Но с того дня, когда болезнь в этом несчастном изнуренном теле стала резко ухудшаться, я уже не смыкала глаз. Мне говорили, что я семь недель не ложилась в постель, но сама этого ничего не помнила: он страдал, и меня обуревало только одно чувство — сделать все, что хотя бы немного облегчило его мучения.

Он уже совсем не спал. Если его не сотрясали приступы кашля или астмы, г-н Пруст работал, преследуемый страхом задержать корректуры «Пленницы» для «Нового Французского Обозрения». Он постоянно звонил, просил то горячую «бу­тылку», то рубашку или еще что-нибудь — книгу, тетрадь, листки для подклейки, и я сновала взад-вперед. А потом надо было звонить доктору Бизу и профессору Роберу Прусту (как брату, а не врачу); приходилось бегать по лестнице то вверх, то вниз. Я согревала молоко и готовила кофе. Ему хотелось компота, и нельзя было заставлять его ждать ни минуты. Потом он просил холодного пива, и я посылала Одилона.
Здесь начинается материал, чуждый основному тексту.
lemma bounded_linear_pointwise_limit:
  fixes T :: "'i \<Rightarrow> 'a::real_normed_vector \<Rightarrow> 'b::real_normed_vector"
  assumes F: "F \<noteq> bot"
    and bd: "eventually (\<lambda>h. bounded_linear (T h) \<and> (\<forall>v. norm (T h v) \<le> C * norm v)) F"
    and lim: "\<And>v. ((\<lambda>h. T h v) \<longlongrightarrow> L v) F"
  shows "bounded_linear L"
proof (rule bounded_linear_intro[where K=C])
  fix v w
  have "((\<lambda>h. T h v + T h w) \<longlongrightarrow> L v + L w) F" by (intro tendsto_add lim)
  moreover have "eventually (\<lambda>h. T h v + T h w = T h (v + w)) F"
    using bd by (rule eventually_mono) (auto simp: linear_simps)
  ultimately have "((\<lambda>h. T h (v + w)) \<longlongrightarrow> L v + L w) F" by (simp add: tendsto_cong)
  then show "L (v + w) = L v + L w" using tendsto_unique[OF F lim] by simp
next
  fix r v
  have "((\<lambda>h. r *\<^sub>R T h v) \<longlongrightarrow> r *\<^sub>R L v) F" by (intro tendsto_scaleR tendsto_const lim)
  moreover have "eventually (\<lambda>h. r *\<^sub>R T h v = T h (r *\<^sub>R v)) F"
    using bd by (rule eventually_mono) (auto simp: linear_simps)
  ultimately have "((\<lambda>h. T h (r *\<^sub>R v)) \<longlongrightarrow> r *\<^sub>R L v) F" by (simp add: tendsto_cong)
  then show "L (r *\<^sub>R v) = r *\<^sub>R L v" using tendsto_unique[OF F lim] by simp
next
  fix v
  have "norm (L v) \<le> C * norm v"
  proof (rule tendsto_le[OF F tendsto_const])
    show "((\<lambda>h. norm (T h v)) \<longlongrightarrow> norm (L v)) F" by (intro tendsto_intros lim)
    show "eventually (\<lambda>h. norm (T h v) \<le> C * norm v) F" using bd by (rule eventually_mono) auto
  qed
  then show "norm (L v) \<le> norm v * C" by (simp add: mult.commute)
qed

lemma generator_bounded_on_embedded:
  fixes S :: "real \<Rightarrow> 'e::banach \<Rightarrow> 'e" and j :: "'v::banach \<Rightarrow> 'e"
  assumes g: "is_generator D A S" and j: "bounded_linear j" and rj: "range j \<subseteq> D"
  shows "bounded_linear (\<lambda>v. A (j v))"
proof -
  have c0: "C0_semigroup S" using g by (rule generator_C0_semigroup)
  define T where "T h v = (1 / h) *\<^sub>R (S h (j v) - j v)" for h v
  have Tlin: "bounded_linear (T h)" if "h \<in> {0<..1}" for h
  proof -
    have Sh: "bounded_linear (S h)" using that C0_semigroup_bounded_linear[OF c0, of h] by auto
    show ?thesis unfolding T_def
      by (rule bounded_linear_compose[OF bounded_linear_scaleR_right bounded_linear_sub[OF bounded_linear_compose[OF Sh j] j]])
  qed
  have lim: "((\<lambda>h. T h v) \<longlongrightarrow> A (j v)) (at_right 0)" for v
    unfolding T_def using rj by (intro generator_tendsto[OF g]) auto
  have "\<exists>C. \<forall>h\<in>{0<..1}. \<forall>v. norm (T h v) \<le> C * norm v"
  proof (rule uniform_boundedness[OF Tlin])
    fix v
    have "eventually (\<lambda>h. dist (T h v) (A (j v)) < 1) (at_right 0)" using tendstoD[OF lim] by simp
    then obtain b where b: "b > 0" "\<And>h. 0 < h \<Longrightarrow> h < b \<Longrightarrow> dist (T h v) (A (j v)) < 1"
      unfolding eventually_at_right_field by auto
    define b' where "b' = min (b / 2) 1"
    have b': "0 < b'" "b' < b" "b' \<le> 1" using b by (auto simp: b'_def)
    have "continuous_on {b'..1} (\<lambda>h. T h v)"
      unfolding T_def using b'
      by (intro continuous_intros continuous_on_subset[OF C0_semigroup_continuous[OF c0]]) auto
    then obtain B where B: "0 \<le> B" "\<And>h. b' \<le> h \<Longrightarrow> h \<le> 1 \<Longrightarrow> norm (T h v) \<le> B"
      by (rule continuous_on_Icc_norm_boundE) auto
    have "norm (T h v) \<le> max B (norm (A (j v)) + 1)" if "h \<in> {0<..1}" for h
    proof (cases "h < b'")
      case True
      then have "dist (T h v) (A (j v)) < 1" using b b' that by auto
      then have "norm (T h v) \<le> norm (A (j v)) + 1"
        by (metis dist_norm less_imp_le norm_triangle_ineq2 add.commute diff_le_eq order_trans)
      then show ?thesis by simp
    next
      case False
      then have "norm (T h v) \<le> B" using B that by auto
      then show ?thesis by simp
    qed
    then show "\<exists>B. \<forall>h\<in>{0<..1}. norm (T h v) \<le> B" by blast
  qed
  then obtain C where C: "\<And>h v. h \<in> {0<..1} \<Longrightarrow> norm (T h v) \<le> C * norm v" by blast
  have "eventually (\<lambda>h. h \<in> {0<..1}) (at_right (0::real))"
    using eventually_at_right_0_less[of 1] by (auto elim: eventually_mono)
  then have "eventually (\<lambda>h. bounded_linear (T h) \<and> (\<forall>v. norm (T h v) \<le> C * norm v)) (at_right 0)"
    by (rule eventually_mono) (use Tlin C in auto)
  then show ?thesis by (rule bounded_linear_pointwise_limit[OF trivial_limit_at_right_real _ lim])
qed

lemma sg_eq_generated:
  fixes S :: "real \<Rightarrow> 'a::banach \<Rightarrow> 'a"
  assumes g: "is_generator D A S" and t: "0 \<le> t"
  shows "sg D A t = S t"
proof -
  have "\<exists>S. is_generator D A S" using g by blast
  then have "is_generator D A (sg D A)" unfolding sg_def by (rule someI_ex)
  then show ?thesis using generator_unique[OF _ g t] by blast
qed

lemma admissible_semigroup_in_range:
  fixes S :: "real \<Rightarrow> 'e::banach \<Rightarrow> 'e" and j :: "'v::real_normed_vector \<Rightarrow> 'e"
  assumes g: "is_generator D A S" and adm: "admissible j D A" and t: "0 \<le> t"
  shows "S t (j w) = j (inv j (S t (j w)))"
proof -
  have "sg D A t (j w) \<in> range j" using adm t unfolding admissible_def by blast
  then show ?thesis using sg_eq_generated[OF g t] by (metis f_inv_into_f)
qed

lemma admissible_semigroup_continuous:
  fixes S :: "real \<Rightarrow> 'e::banach \<Rightarrow> 'e" and j :: "'v::real_normed_vector \<Rightarrow> 'e"
  assumes g: "is_generator D A S" and adm: "admissible j D A"
  shows "continuous_on {0..} (\<lambda>t. inv j (S t (j w)))"
proof -
  have "continuous_on {0..} (\<lambda>t. inv j (sg D A t (j w)))"
    using adm unfolding admissible_def C0_semigroup_def by blast
  then show ?thesis by (rule continuous_on_eq) (auto simp: sg_eq_generated[OF g])
qed

lemma corr_evol_sys_growth_bound:
  assumes R: "corr_evol_sys j A M \<omega> R" and M: "0 \<le> M" and st: "0 \<le> s" "s \<le> t" "t \<le> K"
  shows "bounded_linear (R t s) \<and> (\<forall>x. norm (R t s x) \<le> growth_bound M \<omega> K * norm x)"
proof (intro conjI allI)
  show "bounded_linear (R t s)" using R st by (simp add: corr_evol_sys_def)
  show "norm (R t s x) \<le> growth_bound M \<omega> K * norm x" for x
    by (rule norm_le_growth_bound[where s = s and t = t]) (use R M st in \<open>auto simp: corr_evol_sys_def\<close>)
qed

lemma corr_evol_sys_continuous_snd:
  assumes "corr_evol_sys j A M \<omega> R"
  shows "continuous_on {0..t} (\<lambda>r. R t r z)"
proof -
  have cc: "continuous_on {(t, s). 0 \<le> s \<and> s \<le> t} (\<lambda>(t, s). R t s z)"
    using assms unfolding corr_evol_sys_def by blast
  have "continuous_on {0..t} ((\<lambda>(t, s). R t s z) \<circ> (\<lambda>\<rho>. (t, \<rho>)))"
    by (rule continuous_on_compose[OF _ continuous_on_subset[OF cc]]) (auto intro!: continuous_intros)
  then show ?thesis by (simp add: o_def)
qed

section \<open>Products of semigroups frozen on a grid\<close>

lemma sgprod_split:
  "sgprod S \<tau> \<sigma> (k + m) x = sgprod S (\<lambda>i. \<tau> (k + i)) (\<lambda>i. \<sigma> (k + i)) m (sgprod S \<tau> \<sigma> k x)"
  by (induction m) auto

lemma sgprod_cong:
  "(\<And>i. i < N \<Longrightarrow> \<sigma> i = \<sigma>' i) \<Longrightarrow> sgprod S \<tau> \<sigma> N x = sgprod S \<tau> \<sigma>' N x"
  by (induction N) auto

lemma sgprod_zero:
  assumes "\<And>i. i < N \<Longrightarrow> \<sigma> i = 0" "\<And>i y. i < N \<Longrightarrow> S (\<tau> i) 0 y = y"
  shows "sgprod S \<tau> \<sigma> N x = x"
  using assms by (induction N) auto

lemma sgprod_bounded_linear:
  "(\<And>i. i < N \<Longrightarrow> bounded_linear (S (\<tau> i) (\<sigma> i))) \<Longrightarrow> bounded_linear (sgprod S \<tau> \<sigma> N)"
proof (induction N)
  case 0 then show ?case by (simp add: bounded_linear_ident[unfolded id_def])
next
  case (Suc N)
  have 1: "bounded_linear (S (\<tau> N) (\<sigma> N))" using Suc.prems by simp
  have 2: "bounded_linear (sgprod S \<tau> \<sigma> N)" using Suc by simp
  show ?case using bounded_linear_compose[OF 1 2] by simp
qed

definition cell_overlap :: "real \<Rightarrow> real \<Rightarrow> real \<Rightarrow> nat \<Rightarrow> real" where
  "cell_overlap \<delta> t s i = max 0 (min t (real (Suc i) * \<delta>) - max s (real i * \<delta>))"

lemma cell_overlap_nonneg: "0 \<le> cell_overlap \<delta> t s i" by (simp add: cell_overlap_def)
lemma cell_overlap_le: "0 \<le> \<delta> \<Longrightarrow> cell_overlap \<delta> t s i \<le> \<delta>"
  by (simp add: cell_overlap_def algebra_simps)
lemma cell_overlap_zero: "t \<le> real i * \<delta> \<Longrightarrow> cell_overlap \<delta> t s i = 0"
  by (simp add: cell_overlap_def)

lemma sum_cell_overlap:
  assumes d: "0 < \<delta>" and st: "s \<le> t" and s: "0 \<le> s"
  shows "(\<Sum>i<N. cell_overlap \<delta> t s i) = max 0 (min t (real N * \<delta>) - s)"
proof (induction N)
  case 0 then show ?case using st d s by (simp add: max_def min_def)
next
  case (Suc N)
  have "(\<Sum>i<Suc N. cell_overlap \<delta> t s i) = max 0 (min t (real N * \<delta>) - s) + cell_overlap \<delta> t s N"
    using Suc by simp
  also have "\<dots> = max 0 (min t (real (Suc N) * \<delta>) - s)"
    using d st s by (simp add: cell_overlap_def max_def min_def algebra_simps)
  finally show ?case .
qed

definition grid_floor :: "real \<Rightarrow> real \<Rightarrow> real" where "grid_floor \<delta> r = real (nat \<lfloor>r / \<delta>\<rfloor>) * \<delta>"

lemma grid_cell:
  assumes d: "0 < \<delta>" and r: "0 \<le> r" and ng: "\<And>k. r \<noteq> real k * \<delta>"
  shows "real (nat \<lfloor>r / \<delta>\<rfloor>) * \<delta> < r" "r < real (Suc (nat \<lfloor>r / \<delta>\<rfloor>)) * \<delta>"
proof -
  have f0: "0 \<le> \<lfloor>r / \<delta>\<rfloor>" using d r by simp
  have "real_of_int \<lfloor>r / \<delta>\<rfloor> \<le> r / \<delta>" by (rule of_int_floor_le)
  then have "real_of_int \<lfloor>r / \<delta>\<rfloor> * \<delta> \<le> r" using d by (metis pos_le_divide_eq)
  then have le: "real (nat \<lfloor>r / \<delta>\<rfloor>) * \<delta> \<le> r" using f0 by simp
  moreover have "real (nat \<lfloor>r / \<delta>\<rfloor>) * \<delta> \<noteq> r" using ng by metis
  ultimately show "real (nat \<lfloor>r / \<delta>\<rfloor>) * \<delta> < r" by simp
  have "r / \<delta> < real_of_int \<lfloor>r / \<delta>\<rfloor> + 1" by (rule real_of_int_floor_add_one_gt)
  then have "r < (real_of_int \<lfloor>r / \<delta>\<rfloor> + 1) * \<delta>" using d by (metis pos_divide_less_eq)
  then show "r < real (Suc (nat \<lfloor>r / \<delta>\<rfloor>)) * \<delta>" using f0 by (simp add: add.commute)
qed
Но что значила моя усталость рядом с его страданиями?

Эти последние недели были как длинный туннель без дня и ночи — лишь один полумрак со слабым светом зеленой лампы, среди которого уже столь явственно проступали все черты неизбежного конца.

Вокруг всего этого насочиняли множество басен и просто глупостей, припи­сывая мне искаженные или вовсе не произносившиеся слова. До сих пор я еще ничего не говорила обо всех этих делах, ведь г-н Пруст, как и при жизни, видел меня, знал мои истинные мысли и не сомневался в том, что я не предам его.

Но сегодня, уже на пороге иного мира, одна мысль об остающихся сомнениях и неправде для меня непереносима и я должна раз и навсегда подтвердить: то, что на­писано на последующих страницах, — доподлинная истина, которую я многократно перепроверяла, чтобы убедиться в ее абсолютном соответствии действительно быв­шему. Это даже не свидетельство, это мое завещание.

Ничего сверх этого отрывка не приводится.